*Records for this exercise:*
(* value of the left parent (R^{-1} ~ [0] = 0) and right parent (L^{-1} ~ [] = \<infinity>) *)
definition lpval :: "lr list \<Rightarrow> ereal" where
  "lpval S = (case PL S of None \<Rightarrow> 0 | Some S' \<Rightarrow> ereal (cfval (vert S')))"

definition rpval :: "lr list \<Rightarrow> ereal" where
  "rpval S = (case PR S of None \<Rightarrow> \<infinity> | Some S' \<Rightarrow> ereal (cfval (vert S')))"

end

theory Submission
  imports Defs
begin

text \<open>
  A vertex v = [q_0,...,q_(m-1),q_m] of T_C lies strictly between [q_0,...,q_(m-1)]
  (infinity if m = 0) and [q_0,...,q_(m-1),q_m - 1], and the corresponding intervals of its left
  and right child are the parts of this interval below and above v. Hence the left subtree of v
  lies below v and the right subtree above it; the dyadic values r have the same property, so
  both orders are the in-order of the tree. The endpoints of the interval of a vertex are exactly
  its two parents, and a lower-level vertex inside that interval would have to be a descendant,
  which proves (d). Parts (a) and (c) follow because each step to a child appends exactly one
  letter to f.
\<close>

section \<open>Continued fractions with a real tail\<close>

fun cf_tail :: "nat list \<Rightarrow> real \<Rightarrow> real" where
  "cf_tail [] t = t"
| "cf_tail (x # xs) t = real x + 1 / cf_tail xs t"

lemma cfval_Cons: "ys \<noteq> [] \<Longrightarrow> cfval (x # ys) = real x + 1 / cfval ys"
  by (cases ys) auto

lemma cfval_snoc: "cfval (xs @ [b]) = cf_tail xs (real b)"
  by (induction xs) (auto simp: cfval_Cons)

lemma cf_tail_snoc: "cf_tail (xs @ [b]) t = cf_tail xs (real b + 1 / t)"
  by (induction xs) auto

lemma cf_tail_pos: "\<forall>y\<in>set xs. 1 \<le> y \<Longrightarrow> 0 < t \<Longrightarrow> 0 < cf_tail xs t"
  by (induction xs) (auto intro: add_pos_pos)

text \<open>As for vertices, the leading entry may be 0; the tail s must be positive only when it
  sits below a fraction bar, i.e. when xs is nonempty.\<close>

lemma cf_tail_alternating:
  assumes "\<forall>y\<in>set (tl xs). 1 \<le> y" and "xs = [] \<or> 0 < s" and "s < t"
  shows "if even (length xs) then cf_tail xs s < cf_tail xs t else cf_tail xs t < cf_tail xs s"
  using assms
proof (induction xs)
  case (Cons x ys)
  have "0 < cf_tail ys s" "0 < cf_tail ys t"
    using Cons.prems cf_tail_pos by auto
  moreover have "if even (length ys) then cf_tail ys s < cf_tail ys t else cf_tail ys t < cf_tail ys s"
    using Cons by (cases ys) auto
  ultimately show ?case
    by (auto simp: frac_less2 split: if_splits)
qed simp

definition cf_vertex :: "nat list \<Rightarrow> bool" where
  "cf_vertex qs \<longleftrightarrow> (\<exists>p a. qs = p @ [a] \<and> (\<forall>y\<in>set (tl p). 1 \<le> y) \<and> 1 \<le> a \<and> (p \<noteq> [] \<longrightarrow> 2 \<le> a))"

lemma left_child_snoc:
  "left_child (p @ [a]) = (if even (length p) then p @ [a - 1, 2] else p @ [a + 1])"
  by (simp add: left_child_def)

lemma right_child_snoc:
  "right_child (p @ [a]) = (if even (length p) then p @ [a + 1] else p @ [a - 1, 2])"
  by (simp add: right_child_def)

lemma tl_snoc: "tl (p @ [x]) = (if p = [] then [] else tl p @ [x])"
  by (cases p) auto

lemma cf_vertex_children:
  assumes "cf_vertex v"
  shows "cf_vertex (left_child v)" "cf_vertex (right_child v)"
proof -
  obtain p a where v: "v = p @ [a]" and p: "\<forall>y\<in>set (tl p). 1 \<le> y"
    and a: "1 \<le> a" "p \<noteq> [] \<longrightarrow> 2 \<le> a"
    using assms unfolding cf_vertex_def by blast
  have "cf_vertex (p @ [a + 1])"
    unfolding cf_vertex_def using p a by auto
  moreover have "cf_vertex ((p @ [a - 1]) @ [2])"
    unfolding cf_vertex_def using p a by (intro exI[of _ "p @ [a - 1]"] exI[of _ 2]) (auto simp: tl_snoc)
  ultimately show "cf_vertex (left_child v)" "cf_vertex (right_child v)"
    using v by (simp_all add: left_child_snoc right_child_snoc)
qed

lemma vert_Nil: "vert [] = [1]"
  by (simp add: vert_def)

lemma vert_snoc: "vert (S @ [d]) = child d (vert S)"
  by (simp add: vert_def)

lemma cf_vertex_vert: "cf_vertex (vert S)"
proof (induction S rule: rev_induct)
  case Nil
  show ?case
    unfolding vert_Nil cf_vertex_def by (intro exI[of _ "[]"] exI[of _ 1]) auto
next
  case (snoc d S)
  then show ?case
    using cf_vertex_children by (simp add: vert_snoc child_def)
qed

lemma Sgo_snoc:
  "Sgo d (xs @ [k]) = Sgo d xs @ replicate k (if even (length xs) then d else if d = R then L else R)"
  by (induction xs arbitrary: d) (auto, metis lr.exhaust)

lemma f_snoc: "f (p @ [a]) = Sgo R p @ replicate (a - 1) (if even (length p) then R else L)"
  by (simp add: f_def Sblk_def Sgo_snoc)

lemma f_children:
  assumes "cf_vertex v"
  shows "f (left_child v) = f v @ [L]" "f (right_child v) = f v @ [R]"
proof -
  obtain p a where v: "v = p @ [a]" and a: "1 \<le> a"
    using assms unfolding cf_vertex_def by blast
  have "f ((p @ [a - 1]) @ [2]) = f v @ [if even (length p) then L else R]"
    unfolding f_snoc v by (simp add: Sgo_snoc)
  moreover have "f (p @ [a + 1]) = f v @ [if even (length p) then R else L]"
    using v a by (cases a) (simp_all add: f_snoc replicate_append_same)
  ultimately show "f (left_child v) = f v @ [L]" "f (right_child v) = f v @ [R]"
    using v by (simp_all add: left_child_snoc right_child_snoc)
qed

lemma f_vert: "f (vert S) = S"
proof (induction S rule: rev_induct)
  case Nil
  show ?case by (simp add: vert_Nil f_def Sblk_def)
next
  case (snoc d S)
  then show ?case
    using f_children[OF cf_vertex_vert[of S]] by (cases d) (simp_all add: vert_snoc child_def)
qed

lemma bij_betw_f: "bij_betw f CF UNIV"
  by (rule bij_betw_byWitness[where f' = vert]) (auto simp: CF_def f_vert)

section \<open>The interval of a vertex\<close>

definition cf_truncated :: "nat list \<Rightarrow> ereal" where
  "cf_truncated qs = (if butlast qs = [] then \<infinity> else ereal (cfval (butlast qs)))"
lemma norm_bessel_product_term_le:
  "norm (bessel_product_term u v k \<theta>)
     \<le> 2 * (\<Sum>p\<le>k. norm (u ^ p / (fact p)\<^sup>2) * norm (v ^ (k - p) / (fact (k - p))\<^sup>2))"
proof -
  define a where "a p = (of_real ((cos \<theta>)\<^sup>2) * u) ^ p / (fact p)\<^sup>2" for p
  define b where "b q = (of_real ((sin \<theta>)\<^sup>2) * v) ^ q / (fact q)\<^sup>2" for q
  have "\<bar>2 * sin \<theta> * cos \<theta>\<bar> \<le> 2"
    using abs_sin_le_one[of \<theta>] abs_cos_le_one[of \<theta>] by (simp add: abs_mult mult_le_one)
  moreover have "norm (\<Sum>p\<le>k. a p * b (k - p)) \<le> (\<Sum>p\<le>k. norm (a p) * norm (b (k - p)))"
    by (rule order_trans[OF norm_sum]) (simp add: norm_mult)
  ultimately have "norm (bessel_product_term u v k \<theta>) \<le> 2 * (\<Sum>p\<le>k. norm (a p) * norm (b (k - p)))"
    unfolding bessel_product_term_def a_def[symmetric] b_def[symmetric] norm_mult norm_of_real
    by (intro mult_mono) (auto intro: sum_nonneg)
  also have "\<dots> \<le> 2 * (\<Sum>p\<le>k. norm (u ^ p / (fact p)\<^sup>2) * norm (v ^ (k - p) / (fact (k - p))\<^sup>2))"
    unfolding a_def b_def
    by (intro mult_left_mono sum_mono mult_mono norm_bessel_term_scaled_le)
      (simp_all add: abs_square_le_1 abs_sin_le_one abs_cos_le_one)
  finally show ?thesis .
qed

lemma integral_bessel_product_term:
  "integral {0..pi/2} (bessel_product_term u v k) = (u + v) ^ k / (fact k * fact (k + 1))"
proof -
  have odd_power: "x ^ (2*p + 1) = x * (x\<^sup>2) ^ p" for x :: real and p
    by (simp add: power_mult)
  have expand: "bessel_product_term u v k \<theta> = (\<Sum>p\<le>k. u ^ p * v ^ (k - p) / ((fact p)\<^sup>2 * (fact (k - p))\<^sup>2)
      * of_real (2 * (cos \<theta> ^ (2*p + 1) * sin \<theta> ^ (2*(k - p) + 1))))" for \<theta>
    unfolding bessel_product_term_def sum_distrib_left odd_power
    by (intro sum.cong) (simp_all add: power_mult_distrib mult_ac)
  have "integral {0..pi/2} (bessel_product_term u v k) = (\<Sum>p\<le>k. integral {0..pi/2} (\<lambda>\<theta>.
      u ^ p * v ^ (k - p) / ((fact p)\<^sup>2 * (fact (k - p))\<^sup>2)
      * of_real (2 * (cos \<theta> ^ (2*p + 1) * sin \<theta> ^ (2*(k - p) + 1)))))"
    unfolding expand[abs_def]
    by (rule integral_sum) (auto intro!: integrable_continuous_interval continuous_intros)
  also have "\<dots> = (\<Sum>p\<le>k. of_nat (k choose p) * u ^ p * v ^ (k - p) / (fact k * fact (k + 1)))"
    by (intro sum.cong refl integral_bessel_product_summand) simp
  also have "\<dots> = (u + v) ^ k / (fact k * fact (k + 1))"
    by (simp add: binomial_ring sum_divide_distrib)
  finally show ?thesis .
qed
text \<open>Points of omega-star: free ultrafilters on nat, as families of subsets of nat.\<close>
definition free_ultrafilter_nat :: "nat set set \<Rightarrow> bool" where
  "free_ultrafilter_nat p \<longleftrightarrow>
     {} \<notin> p \<and>
     (\<forall>A B. A \<in> p \<and> B \<in> p \<longrightarrow> A \<inter> B \<in> p) \<and>
     (\<forall>A B. A \<in> p \<and> A \<subseteq> B \<longrightarrow> B \<in> p) \<and>
     (\<forall>A. A \<in> p \<or> - A \<in> p) \<and>
     (\<forall>A\<in>p. infinite A)"

definition selective :: "nat set set \<Rightarrow> bool" where
  "selective p \<longleftrightarrow> free_ultrafilter_nat p \<and>
     (\<forall>A :: nat \<Rightarrow> nat set.
        (\<forall>n. A n \<noteq> {}) \<and> (\<forall>m n. m \<noteq> n \<longrightarrow> A m \<inter> A n = {}) \<and> (\<Union>n. A n) = UNIV
        \<and> (\<forall>n. A n \<notin> p)
        \<longrightarrow> (\<exists>P\<in>p. \<forall>n. card (P \<inter> A n) = 1 \<and> finite (P \<inter> A n)))"

text \<open>The space {p} \<union> omega: None stands for p, Some n for the natural number n.
  Points of omega are isolated; neighbourhoods of p are {p} \<union> P with P \<in> p.\<close>
definition pomega_topology :: "nat set set \<Rightarrow> nat option topology" where
  "pomega_topology p = topology (\<lambda>U. None \<in> U \<longrightarrow> (\<exists>P\<in>p. Some ` P \<subseteq> U))"

definition Omega_p :: "nat set set \<Rightarrow> nat option set set" where
  "Omega_p p = {A. A \<subseteq> topspace (pomega_topology p) \<and> None \<notin> A \<and>
                    None \<in> (pomega_topology p) closure_of A}"

definition S1_Omega_p :: "nat set set \<Rightarrow> bool" where
  "S1_Omega_p p \<longleftrightarrow>
     (\<forall>A :: nat \<Rightarrow> nat option set. (\<forall>n. A n \<in> Omega_p p) \<longrightarrow>
        (\<exists>a. (\<forall>n. a n \<in> A n) \<and> range a \<in> Omega_p p))"

text \<open>The sequential fan S_c: None is the point 0 and Some (alpha, n) is z_n^alpha; the
  index set of size continuum is the type real.\<close>
definition seq_fan_topology :: "(real \<times> nat) option topology" where
  "seq_fan_topology = topology (\<lambda>U. None \<in> U \<longrightarrow>
       (\<exists>f :: real \<Rightarrow> nat. \<forall>\<alpha> n. f \<alpha> \<le> n \<longrightarrow> Some (\<alpha>, n) \<in> U))"

definition countable_tightness_at :: "'a topology \<Rightarrow> 'a \<Rightarrow> bool" where
  "countable_tightness_at X z \<longleftrightarrow>
     (\<forall>A. A \<subseteq> topspace X \<and> z \<in> X closure_of A \<longrightarrow>
        (\<exists>B\<subseteq>A. countable B \<and> z \<in> X closure_of B))"

end

theory Submission
  imports Defs
begin

text \<open>Selectivity yields selectors: for \<open>B\<^sub>n \<in> p\<close>, the index at which a point first leaves
  \<open>B\<^sub>n \<inter> {n..}\<close> has no fibre in \<open>p\<close>, so it is injective on some member of \<open>p\<close>, and inverting it
  picks \<open>a\<^sub>n \<in> B\<^sub>n\<close> with \<open>{a\<^sub>n} \<in> p\<close>. Since \<open>p\<close> lies in the closure of \<open>A \<subseteq> \<omega>\<close> exactly when
  \<open>A \<in> p\<close>, this is \<open>S\<^sub>1(\<Omega>\<^sub>p, \<Omega>\<^sub>p)\<close>; applied to finite intersections it also shows that \<open>p\<close> is a
  p-point.

  For the product, give each \<open>Y \<in> p\<close> a ray \<open>\<alpha>\<close> of the fan and take the points \<open>(n, z\<^sup>\<alpha>\<^sub>n)\<close> with
  \<open>n \<notin> Y\<close>. Every basic neighbourhood \<open>P \<times> V(g)\<close> of \<open>\<langle>p, 0\<rangle>\<close> meets them, because \<open>P\<close> contains
  some \<open>Y \<in> p\<close> with \<open>P - Y\<close> infinite. A countable subset uses only countably many \<open>Y\<close>; a
  pseudo-intersection \<open>Q \<in> p\<close> of them, together with a \<open>g\<close> cutting off the finite sets
  \<open>Q - Y\<close>, gives a neighbourhood missing it.\<close>

abbreviation pomega_fan_topology :: "nat set set \<Rightarrow> (nat option \<times> (real \<times> nat) option) topology"
  where "pomega_fan_topology p \<equiv> prod_topology (pomega_topology p) seq_fan_topology"
lemma claws_sharing_two_paths:
  assumes wf: "wf_bpath B" "wf_bpath C"
    and claw: "claw A B C px py" "claw D B C px py"
  shows "overlap A D"
proof -
  obtain a b c where abc: "distinct [a, b, c]" "arm A px py a"
    "arm B px py b" "arm B px py c" "arm C px py a" "arm C px py c"
    using claw(1) unfolding claw_def by blast
  obtain a' b' c' where abc': "distinct [a', b', c']" "arm D px py a'"
    "arm B px py b'" "arm B px py c'" "arm C px py a'" "arm C px py c'"
    using claw(2) unfolding claw_def by blast
  have "b' \<in> {b, c}" "c' \<in> {b, c}"
    using no_three_arms[OF wf(1), of b c] abc abc' by (metis distinct_length_2_or_more insertCI)+
  moreover have "a' \<in> {a, c}" "c' \<in> {a, c}"
    using no_three_arms[OF wf(2), of a c] abc abc' by (metis distinct_length_2_or_more insertCI)+
  ultimately have "a' = a" using abc(1) abc'(1) by auto
  then show ?thesis using overlap_if_common_arm abc(2) abc'(2) by blast
qed

lemma claws_on_chord_bent:
  assumes wf: "wf_bpath P1" "wf_bpath P2" "wf_bpath P3" "wf_bpath P4"
    and claw: "claw P1 P2 P3 q1x q1y" "claw P1 P3 P4 q2x q2y"
    and "\<not> overlap P2 P4"
  shows "bent_at P1 q1x q1y \<or> bent_at P1 q2x q2y"
proof (rule ccontr)
  assume "\<not> ?thesis"
  then have "bent_at P3 q1x q1y" "bent_at P3 q2x q2y"
    using claw_straight_centre claw by blast+
  then have "q1x = q2x \<and> q1y = q2y" by (rule bent_at_unique)
  then have "overlap P2 P4"
    using claws_sharing_two_paths[OF wf(1,3) claw_swap12[OF claw(1)]] claw_rotate[OF claw(2)] by simp
  with assms(7) show False ..
qed

lemma claws_off_chord_bent:
  assumes wf: "wf_bpath P2" "wf_bpath P4"
    and claw: "claw P1 P2 P4 q1x q1y" "claw P2 P3 P4 q2x q2y"
    and "\<not> overlap P1 P3"
  shows "bent_at P1 q1x q1y"
proof (rule ccontr)
  assume "\<not> ?thesis"
  then have P2: "bent_at P2 q1x q1y" and P4: "bent_at P4 q1x q1y"
    using claw_straight_centre claw(1) by blast+
  show False
  proof (cases "q1x = q2x \<and> q1y = q2y")
    case True
    then have "overlap P1 P3"
      using claws_sharing_two_paths[OF wf claw(1)] claw_swap12[OF claw(2)] by simp
    with assms(5) show False ..
  next
    case False
    then have "\<not> bent_at P2 q2x q2y" using bent_at_unique[OF P2] by blast
    then have "bent_at P4 q2x q2y" using claw_straight_centre claw(2) by blast
    with False show False using bent_at_unique[OF P4] by blast
  qed
qed

section \<open>Outerplanar graphs with a one-bend representation\<close>

locale outerplanar_B1_rep =
  fixes V :: "'a set" and E :: "'a set set" and Q :: "'a \<Rightarrow> bpath"
  assumes simple: "simple_graph V E" and outerplanar: "outerplanar V E"
    and wf: "\<And>v. v \<in> V \<Longrightarrow> wf_bpath (Q v)"
    and overlap_iff_edge: "\<And>u v. u \<in> V \<Longrightarrow> v \<in> V \<Longrightarrow> u \<noteq> v \<Longrightarrow> overlap (Q u) (Q v) \<longleftrightarrow> {u, v} \<in> E"
begin

lemma induced_S3_in_V:
  assumes "induced_S3 E x1 x2 x3 y1 y2 y3"
  shows "x1 \<in> V" "x2 \<in> V" "x3 \<in> V" "y1 \<in> V" "y2 \<in> V" "y3 \<in> V"
  using assms simple_graph_edgeD[OF simple] unfolding induced_S3_def by blast+

lemma red_E_in_V:
  assumes "{u, v} \<in> red_E V E"
  shows "u \<in> V" "v \<in> V"
  using assms red_E_subset simple_graph_edgeD[OF simple] by blast+

lemma induced_S3_claw:
  assumes "induced_S3 E x1 x2 x3 y1 y2 y3"
  obtains px py where "claw (Q x1) (Q x2) (Q x3) px py"
proof -
  note V = induced_S3_in_V[OF assms]
  have "S3_pattern (Q x1) (Q x2) (Q x3) (Q y1) (Q y2) (Q y3)"
    using assms V unfolding S3_pattern_def induced_S3_def by (simp add: overlap_iff_edge)
  then show thesis using S3_pattern_claw wf V that by blast
qed

lemma red_triangle_induced_S3:
  assumes "{a, b} \<in> red_E V E" "{b, c} \<in> red_E V E" "{c, a} \<in> red_E V E"
  obtains o1 o2 o3 where "induced_S3 E a b c o1 o2 o3"
proof -
  obtain o1 where "o1 \<noteq> c" "{o1, a} \<in> E" "{o1, b} \<in> E" using red_E_common_neighbour[OF assms(1)] .
  moreover obtain o2 where "o2 \<noteq> a" "{o2, b} \<in> E" "{o2, c} \<in> E" using red_E_common_neighbour[OF assms(2)] .
  moreover obtain o3 where "o3 \<noteq> b" "{o3, c} \<in> E" "{o3, a} \<in> E" using red_E_common_neighbour[OF assms(3)] .
  ultimately show thesis
    using that outerplanar_induced_S3_of_triangle[OF simple outerplanar] assms red_E_subset by blast
qed

text \<open>Since a path bends only once, this pins down where
  the path of \<open>s\<close> bends.\<close>

definition bent_claw :: "'a \<Rightarrow> 'a set \<Rightarrow> bool" where
  "bent_claw s F \<longleftrightarrow> (\<exists>u1 u2 y1 y2 y3 px py. induced_S3 E s u1 u2 y1 y2 y3 \<and>
     claw (Q s) (Q u1) (Q u2) px py \<and> bent_at (Q s) px py \<and> u1 \<in> F \<and> u2 \<in> F)"

lemma bent_clawI:
  "induced_S3 E s u1 u2 y1 y2 y3 \<Longrightarrow> claw (Q s) (Q u1) (Q u2) px py \<Longrightarrow> bent_at (Q s) px py \<Longrightarrow>
   {u1, u2} \<subseteq> F \<Longrightarrow> bent_claw s F"
  unfolding bent_claw_def by blast

lemma bent_claw_mono: "bent_claw s F \<Longrightarrow> F \<subseteq> F' \<Longrightarrow> bent_claw s F'"
  unfolding bent_claw_def by blast

lemma S3_claws_apart:
  assumes S3: "induced_S3 E s u1 u2 y1 y2 y3" "induced_S3 E s w1 w2 z1 z2 z3"
    and disj: "{w1, w2} \<inter> {u1, u2} = {}"
    and claw: "claw (Q s) (Q u1) (Q u2) px py" "claw (Q s) (Q w1) (Q w2) px py"
  shows False
proof -
  note V = induced_S3_in_V[OF S3(1)] induced_S3_in_V[OF S3(2)]
  have "(overlap (Q u1) (Q w1) \<and> overlap (Q u2) (Q w2)) \<or> (overlap (Q u1) (Q w2) \<and> overlap (Q u2) (Q w1))"
    using claws_at_common_point wf V claw by blast
  then have "({u1, w1} \<in> E \<and> {u2, w2} \<in> E) \<or> ({u1, w2} \<in> E \<and> {u2, w1} \<in> E)"
    using overlap_iff_edge V disj by auto
  moreover have "{s, w1} \<in> E" "{s, w2} \<in> E" "{w1, w2} \<in> E" "{w2, w1} \<in> E"
    using S3(2) unfolding induced_S3_def by (auto simp: insert_commute)
  ultimately show False
    using outerplanar_S3_no_matched_triangle[OF simple outerplanar S3(1)] disj by blast
qed

lemma bent_claws_disjoint:
  assumes "bent_claw s F" "bent_claw s F'" "F \<inter> F' = {}"
  shows False
proof -
  obtain u1 u2 y1 y2 y3 px py where u: "induced_S3 E s u1 u2 y1 y2 y3" "claw (Q s) (Q u1) (Q u2) px py"
      "bent_at (Q s) px py" "u1 \<in> F" "u2 \<in> F"
    using assms(1) unfolding bent_claw_def by blast
  obtain w1 w2 z1 z2 z3 qx qy where w: "induced_S3 E s w1 w2 z1 z2 z3" "claw (Q s) (Q w1) (Q w2) qx qy"
      "bent_at (Q s) qx qy" "w1 \<in> F'" "w2 \<in> F'"
    using assms(2) unfolding bent_claw_def by blast
  have "qx = px \<and> qy = py" using bent_at_unique[OF w(3) u(3)] .
  then show False using S3_claws_apart[OF u(1) w(1) _ u(2)] w(2) u(4,5) w(4,5) assms(3) by auto
qed

text \<open>The bend of \<open>s\<close> is used up by the claw with \<open>F\<close>, so the claw of a fresh triangle
  \<open>s m t\<close> lies on a straight part of the path of \<open>s\<close>, and there \<open>t\<close> has to bend.\<close>

lemma bent_claw_propagate:
  assumes "bent_claw s F"
    and red: "{s, m} \<in> red_E V E" "{m, t} \<in> red_E V E" "{t, s} \<in> red_E V E"
    and fresh: "m \<notin> F" "t \<notin> F"
  shows "bent_claw t {s, m}"
proof -
  obtain u1 u2 y1 y2 y3 qx qy where u: "induced_S3 E s u1 u2 y1 y2 y3" "claw (Q s) (Q u1) (Q u2) qx qy"
      "bent_at (Q s) qx qy" "u1 \<in> F" "u2 \<in> F"
    using assms(1) unfolding bent_claw_def by blast
  obtain o1 o2 o3 where T: "induced_S3 E s m t o1 o2 o3" using red_triangle_induced_S3[OF red] .
  obtain px py where claw: "claw (Q s) (Q m) (Q t) px py" using induced_S3_claw[OF T] .
  have "\<not> (px = qx \<and> py = qy)"
    using S3_claws_apart[OF u(1) T _ u(2)] claw u(4,5) fresh by auto
  then have "\<not> bent_at (Q s) px py" using bent_at_unique[OF u(3)] by blast
  then have "bent_at (Q t) px py" using claw_straight_centre(2)[OF claw] by blast
  then show ?thesis
    using bent_clawI[OF induced_S3_rotate[OF induced_S3_rotate[OF T]] claw_rotate[OF claw]] by simp
qed

lemma red_triangle_claw:
  assumes "{a, b} \<in> red_E V E" "{b, c} \<in> red_E V E" "{c, a} \<in> red_E V E"
  obtains o1 o2 o3 px py where "induced_S3 E a b c o1 o2 o3" "claw (Q a) (Q b) (Q c) px py"
  using red_triangle_induced_S3[OF assms] induced_S3_claw by metis

lemma red_diamond_apart:
  assumes "{a, b} \<in> red_E V E" "{b, c} \<in> red_E V E" "{c, d} \<in> red_E V E" "{d, a} \<in> red_E V E"
    and "{a, c} \<in> red_E V E" and "distinct [a, b, c, d]"
  shows "\<not> overlap (Q b) (Q d)"
proof
  have E: "{a, b} \<in> E" "{b, c} \<in> E" "{c, d} \<in> E" "{d, a} \<in> E" "{a, c} \<in> E"
    using assms(1-5) red_E_subset by blast+
  have V: "{a, b, c, d} \<subseteq> V" using red_E_in_V assms(1-4) by blast
  assume "overlap (Q b) (Q d)"
  then have "{b, d} \<in> E" using overlap_iff_edge V assms(6) by auto
  then show False
    using outerplanar_no_K4[OF outerplanar V assms(6)] E by (simp add: insert_commute)
qed

lemma diamond_bent_claw:
  assumes red: "{a1, a2} \<in> red_E V E" "{a2, a3} \<in> red_E V E" "{a3, a4} \<in> red_E V E" "{a4, a1} \<in> red_E V E"
    and chord: "{a1, a3} \<in> red_E V E \<or> {a2, a4} \<in> red_E V E"
    and dist: "distinct [a1, a2, a3, a4]"
  shows "bent_claw a1 {a2, a3, a4}"
proof -
  have wf: "wf_bpath (Q a1)" "wf_bpath (Q a2)" "wf_bpath (Q a3)" "wf_bpath (Q a4)"
    using wf red_E_in_V red by blast+
  from chord show ?thesis
  proof
    assume chord13: "{a1, a3} \<in> red_E V E"
    then have "{a3, a1} \<in> red_E V E" by (simp add: insert_commute)
    then obtain o1 o2 o3 q1x q1y p1 p2 p3 q2x q2y where
      T: "induced_S3 E a1 a2 a3 o1 o2 o3" "induced_S3 E a1 a3 a4 p1 p2 p3"
      and claw: "claw (Q a1) (Q a2) (Q a3) q1x q1y" "claw (Q a1) (Q a3) (Q a4) q2x q2y"
      using red_triangle_claw[OF red(1,2)] red_triangle_claw[OF chord13 red(3,4)] by metis
    have "bent_at (Q a1) q1x q1y \<or> bent_at (Q a1) q2x q2y"
      using claws_on_chord_bent[OF wf claw red_diamond_apart[OF red chord13 dist]] .
    then show ?thesis
      using bent_clawI[OF T(1) claw(1)] bent_clawI[OF T(2) claw(2)] by auto
  next
    assume chord24: "{a2, a4} \<in> red_E V E"
    then have "{a4, a2} \<in> red_E V E" by (simp add: insert_commute)
    then obtain o1 o2 o3 q1x q1y p1 p2 p3 q2x q2y where
      T: "induced_S3 E a1 a2 a4 o1 o2 o3" "induced_S3 E a2 a3 a4 p1 p2 p3"
      and claw: "claw (Q a1) (Q a2) (Q a4) q1x q1y" "claw (Q a2) (Q a3) (Q a4) q2x q2y"
      using red_triangle_claw[OF red(1) chord24 red(4)] red_triangle_claw[OF red(2,3)] by metis
    have "distinct [a2, a3, a4, a1]" using dist by auto
    then have "\<not> overlap (Q a1) (Q a3)"
      using red_diamond_apart[OF red(2-4) red(1) chord24] overlap_commute by blast
    then have "bent_at (Q a1) q1x q1y" by (rule claws_off_chord_bent[OF wf(2,4) claw])
    then show ?thesis using bent_clawI[OF T(1) claw(1)] by auto
  qed
qed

*Task brief:*
When you reach the line in the material above that holds "(bessel_product_term u v k) = (u", begin reproducing lines exactly, and stop after the line that holds "(\<forall>n. A n \<noteq>".

*Answer to the problem:*
  "integral {0..pi/2} (bessel_product_term u v k) = (u + v) ^ k / (fact k * fact (k + 1))"
proof -
  have odd_power: "x ^ (2*p + 1) = x * (x\<^sup>2) ^ p" for x :: real and p
    by (simp add: power_mult)
  have expand: "bessel_product_term u v k \<theta> = (\<Sum>p\<le>k. u ^ p * v ^ (k - p) / ((fact p)\<^sup>2 * (fact (k - p))\<^sup>2)
      * of_real (2 * (cos \<theta> ^ (2*p + 1) * sin \<theta> ^ (2*(k - p) + 1))))" for \<theta>
    unfolding bessel_product_term_def sum_distrib_left odd_power
    by (intro sum.cong) (simp_all add: power_mult_distrib mult_ac)
  have "integral {0..pi/2} (bessel_product_term u v k) = (\<Sum>p\<le>k. integral {0..pi/2} (\<lambda>\<theta>.
      u ^ p * v ^ (k - p) / ((fact p)\<^sup>2 * (fact (k - p))\<^sup>2)
      * of_real (2 * (cos \<theta> ^ (2*p + 1) * sin \<theta> ^ (2*(k - p) + 1)))))"
    unfolding expand[abs_def]
    by (rule integral_sum) (auto intro!: integrable_continuous_interval continuous_intros)
  also have "\<dots> = (\<Sum>p\<le>k. of_nat (k choose p) * u ^ p * v ^ (k - p) / (fact k * fact (k + 1)))"
    by (intro sum.cong refl integral_bessel_product_summand) simp
  also have "\<dots> = (u + v) ^ k / (fact k * fact (k + 1))"
    by (simp add: binomial_ring sum_divide_distrib)
  finally show ?thesis .
qed
text \<open>Points of omega-star: free ultrafilters on nat, as families of subsets of nat.\<close>
definition free_ultrafilter_nat :: "nat set set \<Rightarrow> bool" where
  "free_ultrafilter_nat p \<longleftrightarrow>
     {} \<notin> p \<and>
     (\<forall>A B. A \<in> p \<and> B \<in> p \<longrightarrow> A \<inter> B \<in> p) \<and>
     (\<forall>A B. A \<in> p \<and> A \<subseteq> B \<longrightarrow> B \<in> p) \<and>
     (\<forall>A. A \<in> p \<or> - A \<in> p) \<and>
     (\<forall>A\<in>p. infinite A)"

definition selective :: "nat set set \<Rightarrow> bool" where
  "selective p \<longleftrightarrow> free_ultrafilter_nat p \<and>
     (\<forall>A :: nat \<Rightarrow> nat set.
        (\<forall>n. A n \<noteq> {}) \<and> (\<forall>m n. m \<noteq> n \<longrightarrow> A m \<inter> A n = {}) \<and> (\<Union>n. A n) = UNIV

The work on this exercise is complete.